SUPPLIED ENTRIES >>
text \<open>Generating relation s_i(tau) > tau.\<close>
definition s_up :: "nat list \<Rightarrow> (nat \<times> nat \<Rightarrow> nat \<times> nat) \<Rightarrow> nat \<Rightarrow> bool" where
  "s_up la \<tau> i \<longleftrightarrow> wtau la \<tau> i < wtau la \<tau> (i + 1)
     \<or> (wtau la \<tau> i = wtau la \<tau> (i + 1) \<and> ctau la \<tau> i - ctau la \<tau> (i + 1) > 1)"

definition Psi :: "nat \<Rightarrow> (nat \<times> nat \<Rightarrow> nat \<times> nat) \<Rightarrow> (nat \<times> nat \<Rightarrow> nat \<times> nat)" where
  "Psi n \<tau> = (\<lambda>bx. if fst (\<tau> bx) = 0 then \<tau> bx
                    else if 2 \<le> fst (\<tau> bx) then (fst (\<tau> bx) - 1, snd (\<tau> bx))
                    else (n, snd (\<tau> bx) + 1))"

definition Tinv :: "(nat \<Rightarrow> 'v \<Rightarrow> 'v) \<Rightarrow> nat \<Rightarrow> 'v \<Rightarrow> 'v" where
  "Tinv Top i = inv (Top i)"

definition pi_op :: "(K \<Rightarrow> 'v \<Rightarrow> 'v) \<Rightarrow> nat \<Rightarrow> (nat \<Rightarrow> 'v \<Rightarrow> 'v) \<Rightarrow> (nat \<Rightarrow> 'v \<Rightarrow> 'v) \<Rightarrow> 'v \<Rightarrow> 'v" where
  "pi_op scale n Top th v = scale (tK ^ (n - 1)) (th 1 (foldr (\<lambda>i. Tinv Top i) [1..<n] v))"

definition D_module ::
  "(K \<Rightarrow> 'v::ab_group_add \<Rightarrow> 'v) \<Rightarrow> nat \<Rightarrow> (nat \<Rightarrow> 'v \<Rightarrow> 'v) \<Rightarrow> (nat \<Rightarrow> 'v \<Rightarrow> 'v) \<Rightarrow> (nat \<Rightarrow> 'v \<Rightarrow> 'v) \<Rightarrow> bool" where
  "D_module scale n Top th X \<longleftrightarrow>
     vector_space scale
   \<and> (\<forall>i\<in>{1..<n}. Vector_Spaces.linear scale scale (Top i) \<and> bij (Top i))
   \<and> (\<forall>i\<in>{1..n}. Vector_Spaces.linear scale scale (th i) \<and> bij (th i))
   \<and> (\<forall>i\<in>{1..n}. Vector_Spaces.linear scale scale (X i))
   \<comment> \<open>Hecke relations\<close>
   \<and> (\<forall>i\<in>{1..<n}. \<forall>v. Top i (Top i v) + scale (tK - 1) (Top i v) - scale tK v = 0)
   \<and> (\<forall>i\<in>{1..<n}. \<forall>j\<in>{1..<n}. i + 1 = j \<longrightarrow> (\<forall>v. Top i (Top j (Top i v)) = Top j (Top i (Top j v))))
   \<and> (\<forall>i\<in>{1..<n}. \<forall>j\<in>{1..<n}. i + 2 \<le> j \<longrightarrow> (\<forall>v. Top i (Top j v) = Top j (Top i v)))
   \<comment> \<open>affine Hecke relations\<close>
   \<and> (\<forall>i\<in>{1..n}. \<forall>j\<in>{1..n}. \<forall>v. th i (th j v) = th j (th i v))
   \<and> (\<forall>i\<in>{1..<n}. \<forall>v. th (i + 1) v = scale tK (Tinv Top i (th i (Tinv Top i v))))
   \<and> (\<forall>i\<in>{1..<n}. \<forall>j\<in>{1..n}. j \<noteq> i \<and> j \<noteq> i + 1 \<longrightarrow> (\<forall>v. Top i (th j v) = th j (Top i v)))
   \<comment> \<open>double affine relations\<close>
   \<and> (\<forall>i\<in>{1..n}. \<forall>j\<in>{1..n}. \<forall>v. X i (X j v) = X j (X i v))
   \<and> (\<forall>i\<in>{1..<n}. \<forall>v. X (i + 1) v = scale tK (Tinv Top i (X i (Tinv Top i v))))
   \<and> (\<forall>i\<in>{1..<n}. \<forall>j\<in>{1..n}. j \<noteq> i \<and> j \<noteq> i + 1 \<longrightarrow> (\<forall>v. Top i (X j v) = X j (Top i v)))
   \<and> (\<forall>i\<in>{1..<n}. \<forall>v. pi_op scale n Top th (X i (inv (pi_op scale n Top th) v)) = X (i + 1) v)
   \<and> (\<forall>v. pi_op scale n Top th (X n (inv (pi_op scale n Top th) v)) = scale qK (X 1 v))"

TASK OBJECTIVE >> Using the entries above, repeat only the lines from the one containing "list \<Rightarrow> (nat" through the one containing "then \<tau> bx", end lines included.

WORKED SOLUTION >>
definition s_up :: "nat list \<Rightarrow> (nat \<times> nat \<Rightarrow> nat \<times> nat) \<Rightarrow> nat \<Rightarrow> bool" where
  "s_up la \<tau> i \<longleftrightarrow> wtau la \<tau> i < wtau la \<tau> (i + 1)
     \<or> (wtau la \<tau> i = wtau la \<tau> (i + 1) \<and> ctau la \<tau> i - ctau la \<tau> (i + 1) > 1)"

definition Psi :: "nat \<Rightarrow> (nat \<times> nat \<Rightarrow> nat \<times> nat) \<Rightarrow> (nat \<times> nat \<Rightarrow> nat \<times> nat)" where
  "Psi n \<tau> = (\<lambda>bx. if fst (\<tau> bx) = 0 then \<tau> bx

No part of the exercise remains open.